(* For $n\ge1$ let $G_n$ be the number of domino tilings of $C_4\times P_n$. Let $g_n$ be the number of domino tilings of the graph obtained from $C_4\times P_n$ by deleting two adjacent vertices of the end copy $C_4\times\{1\}$, together with their incident edges. Then $$G_n=2G_{n-1}+G_{n-2}+4g_{n-1}\quad(n\ge3),\qquad g_n=G_{n-1}+g_{n-1}\quad(n\ge2).$$ Both sequences satisfy $x_n=3x_{n-1}+3x_{n-2}-x_{n-3}$ for $n\ge4$. For all $n\ge1$, $$g_n=\frac1{12}\Big[(1+\sqrt3)(2+\sqrt3)^n+(1-\sqrt3)(2-\sqrt3)^n\Big]-\frac16(-1)^n .$$
   Context: $H\times K$ denotes the Cartesian product of graphs. $P_n$ is the path with vertex set $\{1,\dots,n\}$ and $C_4$ is the $4$-cycle. For a graph $H$, the subgraph $H\times\{1\}$ of $H\times P_n$ is called its end copy. A domino tiling of a finite graph is a perfect matching, and "number of domino tilings" means the number of perfect matchings. *)

theory Defs
  imports "HOL-Analysis.Analysis"
begin

type_synonym 'a graph = "'a set \<times> ('a \<Rightarrow> 'a \<Rightarrow> bool)"

definition verts :: "'a graph \<Rightarrow> 'a set" where "verts G = fst G"

definition edges :: "'a graph \<Rightarrow> 'a set set" where
  "edges G = {{u, v} | u v. u \<in> fst G \<and> v \<in> fst G \<and> u \<noteq> v \<and> snd G u v}"

text \<open>Perfect matching = domino tiling.\<close>
definition perfect_matching :: "'a graph \<Rightarrow> 'a set set \<Rightarrow> bool" where
  "perfect_matching G M \<longleftrightarrow> M \<subseteq> edges G \<and> (\<forall>v\<in>verts G. \<exists>!e. e \<in> M \<and> v \<in> e)"

definition num_tilings :: "'a graph \<Rightarrow> nat" where
  "num_tilings G = card {M. perfect_matching G M}"

definition cart_prod :: "'a graph \<Rightarrow> 'b graph \<Rightarrow> ('a \<times> 'b) graph" where
  "cart_prod G H = (verts G \<times> verts H,
     \<lambda>(a, b) (a', b'). (snd G a a' \<and> b = b') \<or> (a = a' \<and> snd H b b'))"

definition C4 :: "nat graph" where
  "C4 = ({0..<4}, \<lambda>a b. (a + 1) mod 4 = b \<or> (b + 1) mod 4 = a)"

definition path :: "nat \<Rightarrow> nat graph" where
  "path n = ({1..n}, \<lambda>a b. a + 1 = b \<or> b + 1 = a)"

definition delete_verts :: "'a graph \<Rightarrow> 'a set \<Rightarrow> 'a graph" where
  "delete_verts G D = (verts G - D, snd G)"

definition G_seq :: "nat \<Rightarrow> nat" where
  "G_seq n = num_tilings (cart_prod C4 (path n))"

definition g_seq :: "nat \<Rightarrow> nat" where
  "g_seq n = num_tilings (delete_verts (cart_prod C4 (path n)) {(0, 1), (1, 1)})"

end

theory Submission
  imports Defs
begin
(* Let $n\ge2$, let $A$ be a Hermitian matrix of order $n$ and $\mathcal{O}\in\mathcal{C}_{sg}^{(n)}$. Suppose that $\mathcal{O}\stackrel{\mathsf{p}}{\sim}\mathcal{O}'\stackrel{\mathsf{w}}{\sim}\mathcal{O}''$ or $\mathcal{O}\stackrel{\mathsf{w}}{\sim}\mathcal{O}'\stackrel{\mathsf{p}}{\sim}\mathcal{O}''$ with $\mathcal{O}''\in\mathcal{C}_{sp}^{(n)}$, and that the weak equivalence relation is given by a chain in canonical form containing $d$ shift equivalences. Let $A'$ be obtained from $A$ by applying $d+1$ cycles of the cyclic complex Jacobi method defined by the strategy $I_{\mathcal{O}}$. If all rotation angles satisfy $\phi_k\in[-\pi/4,\pi/4]$, $k\ge0$, then there is a constant $\gamma_n$ depending only on $n$ such that $S^2(A')\le\gamma_nS^2(A)$, $0\le\gamma_n<1$.
   Context: $\imath=\sqrt{-1}$. For $1\le i<j\le n$ and real $\phi,\alpha$, $R(i,j,\phi,\alpha)$ is the $n\times n$ matrix equal to $I_n$ except for entries $(i,i)=(j,j)=\cos\phi$, $(i,j)=-e^{\imath\alpha}\sin\phi$, $(j,i)=e^{-\imath\alpha}\sin\phi$. $S(X)=\|X-\mathrm{diag}(X)\|_F$. The complex Jacobi method on Hermitian $A$ is $A^{(0)}=A$, $A^{(k+1)}=U_k^*A^{(k)}U_k$, $U_k=R(i_k,j_k,\phi_k,\alpha_k)$, with angles chosen so that entry $(i_k,j_k)$ (hence $(j_k,i_k)$) of $A^{(k+1)}$ is zero. Let $\mathcal{P}_n=\{(r,s):1\le r<s\le n\}$, $N=n(n-1)/2$; an ordering is a sequence listing each element of $\mathcal{P}_n$ exactly once. For an ordering $(i_0,j_0),\dots,(i_{N-1},j_{N-1})$, the cyclic strategy $I_{\mathcal{O}}$ uses $(i_{k\bmod N},j_{k\bmod N})$ as $k$-th pivot pair; a cycle is $N$ consecutive steps. Relations on orderings: an admissible transposition swaps two adjacent pairs with disjoint index sets; $\mathcal{O}\sim\mathcal{O}'$ if one is obtained from the other by finitely many admissible transpositions; $\mathcal{O}\stackrel{\mathsf{s}}{\sim}\mathcal{O}'$ if $\mathcal{O}=[\mathcal{O}_1,\mathcal{O}_2]$, $\mathcal{O}'=[\mathcal{O}_2,\mathcal{O}_1]$ (concatenation); $\mathcal{O}\stackrel{\mathsf{w}}{\sim}\mathcal{O}'$ if there is a chain $\mathcal{O}=\mathcal{O}_0,\dots,\mathcal{O}_r=\mathcal{O}'$ of orderings whose adjacent terms are $\sim$ or $\stackrel{\mathsf{s}}{\sim}$; the chain is in canonical form if these relations alternate between $\sim$ and $\stackrel{\mathsf{s}}{\sim}$. $\mathcal{O}\stackrel{\mathsf{p}}{\sim}\mathcal{O}'$ if for some permutation $\mathsf{q}$ of $\{1,\dots,n\}$, $\mathcal{O}'$ arises by replacing each pair $(i_k,j_k)$ by the pair with entries $\mathsf{q}(i_k),\mathsf{q}(j_k)$ in increasing order. $\mathcal{C}_c^{(n)}$: orderings $(1,2),(\tau_3(1),3),(\tau_3(2),3),\dots,(\tau_n(1),n),\dots,(\tau_n(n-1),n)$, $\tau_j$ a permutation of $\{1,\dots,j-1\}$; $\mathcal{C}_r^{(n)}$: orderings $(n-1,n),(n-2,\tau_{n-2}(n-1)),(n-2,\tau_{n-2}(n)),\dots,(1,\tau_1(2)),\dots,(1,\tau_1(n))$, $\tau_i$ a permutation of $\{i+1,\dots,n\}$; $\overleftarrow{\mathcal{C}}_c^{(n)},\overleftarrow{\mathcal{C}}_r^{(n)}$ the sets of orderings whose reversed sequences lie in $\mathcal{C}_c^{(n)}$, $\mathcal{C}_r^{(n)}$; $\mathcal{C}_{sp}^{(n)}=\mathcal{C}_c^{(n)}\cup\overleftarrow{\mathcal{C}}_c^{(n)}\cup\mathcal{C}_r^{(n)}\cup\overleftarrow{\mathcal{C}}_r^{(n)}$. $\mathcal{C}_{sg}^{(n)}$ is the set of orderings $\mathcal{O}$ with $\mathcal{O}\stackrel{\mathsf{p}}{\sim}\mathcal{O}'\stackrel{\mathsf{w}}{\sim}\mathcal{O}''$ or $\mathcal{O}\stackrel{\mathsf{w}}{\sim}\mathcal{O}'\stackrel{\mathsf{p}}{\sim}\mathcal{O}''$ for some ordering $\mathcal{O}'$ and some $\mathcal{O}''\in\mathcal{C}_{sp}^{(n)}$, weak equivalence given in canonical form. *)

theory Defs
  imports Complex_Main
begin

text \<open>Matrices of order n are represented as functions nat => nat => complex,
  only the entries with indices in {1..n} being relevant (1-based, as in the paper).\<close>

type_synonym cmatrix = "nat \<Rightarrow> nat \<Rightarrow> complex"

definition hermitian :: "nat \<Rightarrow> cmatrix \<Rightarrow> bool" where
  "hermitian n A \<longleftrightarrow> (\<forall>r\<in>{1..n}. \<forall>s\<in>{1..n}. A s r = cnj (A r s))"

definition mmul :: "nat \<Rightarrow> cmatrix \<Rightarrow> cmatrix \<Rightarrow> cmatrix" where
  "mmul n X Y = (\<lambda>r s. \<Sum>k=1..n. X r k * Y k s)"

definition adjoint :: "cmatrix \<Rightarrow> cmatrix" where
  "adjoint X = (\<lambda>r s. cnj (X s r))"

definition rot :: "nat \<Rightarrow> nat \<Rightarrow> real \<Rightarrow> real \<Rightarrow> cmatrix" where
  "rot i j \<phi> \<alpha> = (\<lambda>r s.
     if r = s then (if r = i \<or> r = j then complex_of_real (cos \<phi>) else 1)
     else if r = i \<and> s = j then - exp (\<i> * complex_of_real \<alpha>) * complex_of_real (sin \<phi>)
     else if r = j \<and> s = i then exp (- \<i> * complex_of_real \<alpha>) * complex_of_real (sin \<phi>)
     else 0)"

definition offS :: "nat \<Rightarrow> cmatrix \<Rightarrow> real" where
  "offS n X = sqrt (\<Sum>r\<in>{1..n}. \<Sum>s\<in>{1..n}. if r \<noteq> s then (cmod (X r s))\<^sup>2 else 0)"

definition pairs :: "nat \<Rightarrow> (nat \<times> nat) set" where
  "pairs n = {(r, s). 1 \<le> r \<and> r < s \<and> s \<le> n}"

definition is_ordering :: "nat \<Rightarrow> (nat \<times> nat) list \<Rightarrow> bool" where
  "is_ordering n Ord \<longleftrightarrow> distinct Ord \<and> set Ord = pairs n"

definition adm_transp :: "(nat \<times> nat) list \<Rightarrow> (nat \<times> nat) list \<Rightarrow> bool" where
  "adm_transp Ord Ord' \<longleftrightarrow> (\<exists>k. Suc k < length Ord \<and>
      {fst (Ord ! k), snd (Ord ! k)} \<inter> {fst (Ord ! Suc k), snd (Ord ! Suc k)} = {} \<and>
      Ord' = Ord[k := Ord ! Suc k, Suc k := Ord ! k])"

definition ord_equiv :: "(nat \<times> nat) list \<Rightarrow> (nat \<times> nat) list \<Rightarrow> bool" where
  "ord_equiv Ord Ord' \<longleftrightarrow> adm_transp\<^sup>*\<^sup>* Ord Ord'"

definition shift_equiv :: "(nat \<times> nat) list \<Rightarrow> (nat \<times> nat) list \<Rightarrow> bool" where
  "shift_equiv Ord Ord' \<longleftrightarrow> (\<exists>O1 O2. Ord = O1 @ O2 \<and> Ord' = O2 @ O1)"

text \<open>A chain Ord = cs!0, ..., cs!r = Ord' witnessing weak equivalence in canonical form
  (relations alternate between ord_equiv and shift_equiv; b says whether the first
  relation is ord_equiv), containing exactly d shift equivalences.\<close>
definition canon_chain :: "nat \<Rightarrow> (nat \<times> nat) list \<Rightarrow> (nat \<times> nat) list \<Rightarrow> bool" where
  "canon_chain d Ord Ord' \<longleftrightarrow> (\<exists>cs b. cs \<noteq> [] \<and> hd cs = Ord \<and> last cs = Ord' \<and>
      (\<forall>k. Suc k < length cs \<longrightarrow>
          (if (even k \<longleftrightarrow> b) then ord_equiv (cs ! k) (cs ! Suc k)
           else shift_equiv (cs ! k) (cs ! Suc k))) \<and>
      d = card {k. Suc k < length cs \<and> \<not> (even k \<longleftrightarrow> b)})"

definition perm_equiv :: "nat \<Rightarrow> (nat \<times> nat) list \<Rightarrow> (nat \<times> nat) list \<Rightarrow> bool" where
  "perm_equiv n Ord Ord' \<longleftrightarrow> (\<exists>q. bij_betw q {1..n} {1..n} \<and>
      Ord' = map (\<lambda>(i, j). (min (q i) (q j), max (q i) (q j))) Ord)"

definition C_c :: "nat \<Rightarrow> (nat \<times> nat) list set" where
  "C_c n = {Ord. \<exists>L. (\<forall>j\<in>{2..n}. distinct (L j) \<and> set (L j) = {1..<j}) \<and>
      Ord = concat (map (\<lambda>j. map (\<lambda>i. (i, j)) (L j)) [2..<Suc n])}"

definition C_r :: "nat \<Rightarrow> (nat \<times> nat) list set" where
  "C_r n = {Ord. \<exists>L. (\<forall>i\<in>{1..<n}. distinct (L i) \<and> set (L i) = {i<..n}) \<and>
      Ord = concat (map (\<lambda>i. map (\<lambda>j. (i, j)) (L i)) (rev [1..<n]))}"

definition C_sp :: "nat \<Rightarrow> (nat \<times> nat) list set" where
  "C_sp n = C_c n \<union> rev ` C_c n \<union> C_r n \<union> rev ` C_r n"

definition jacobi_run :: "nat \<Rightarrow> (nat \<times> nat) list \<Rightarrow> cmatrix \<Rightarrow> (nat \<Rightarrow> cmatrix)
    \<Rightarrow> (nat \<Rightarrow> real) \<Rightarrow> (nat \<Rightarrow> real) \<Rightarrow> bool" where
  "jacobi_run n Ord A Aseq \<phi> \<alpha> \<longleftrightarrow> Aseq 0 = A \<and>
     (\<forall>k. let i = fst (Ord ! (k mod length Ord)); j = snd (Ord ! (k mod length Ord));
              U = rot i j (\<phi> k) (\<alpha> k) in
          Aseq (Suc k) = mmul n (adjoint U) (mmul n (Aseq k) U) \<and>
          Aseq (Suc k) i j = 0)"

end

theory Submission
  imports Defs "HOL-Analysis.Analysis"
begin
○ ○ ○
Repeat word for word the lines above that run from the line containing "num_tilings (delete_verts (cart_prod" through the line containing "(* Let $n\ge2$, let", both ends included, and nothing else.

* _RESULT_:
  "g_seq n = num_tilings (delete_verts (cart_prod C4 (path n)) {(0, 1), (1, 1)})"

end

theory Submission
  imports Defs
begin
(* Let $n\ge2$, let $A$ be a Hermitian matrix of order $n$ and $\mathcal{O}\in\mathcal{C}_{sg}^{(n)}$. Suppose that $\mathcal{O}\stackrel{\mathsf{p}}{\sim}\mathcal{O}'\stackrel{\mathsf{w}}{\sim}\mathcal{O}''$ or $\mathcal{O}\stackrel{\mathsf{w}}{\sim}\mathcal{O}'\stackrel{\mathsf{p}}{\sim}\mathcal{O}''$ with $\mathcal{O}''\in\mathcal{C}_{sp}^{(n)}$, and that the weak equivalence relation is given by a chain in canonical form containing $d$ shift equivalences. Let $A'$ be obtained from $A$ by applying $d+1$ cycles of the cyclic complex Jacobi method defined by the strategy $I_{\mathcal{O}}$. If all rotation angles satisfy $\phi_k\in[-\pi/4,\pi/4]$, $k\ge0$, then there is a constant $\gamma_n$ depending only on $n$ such that $S^2(A')\le\gamma_nS^2(A)$, $0\le\gamma_n<1$.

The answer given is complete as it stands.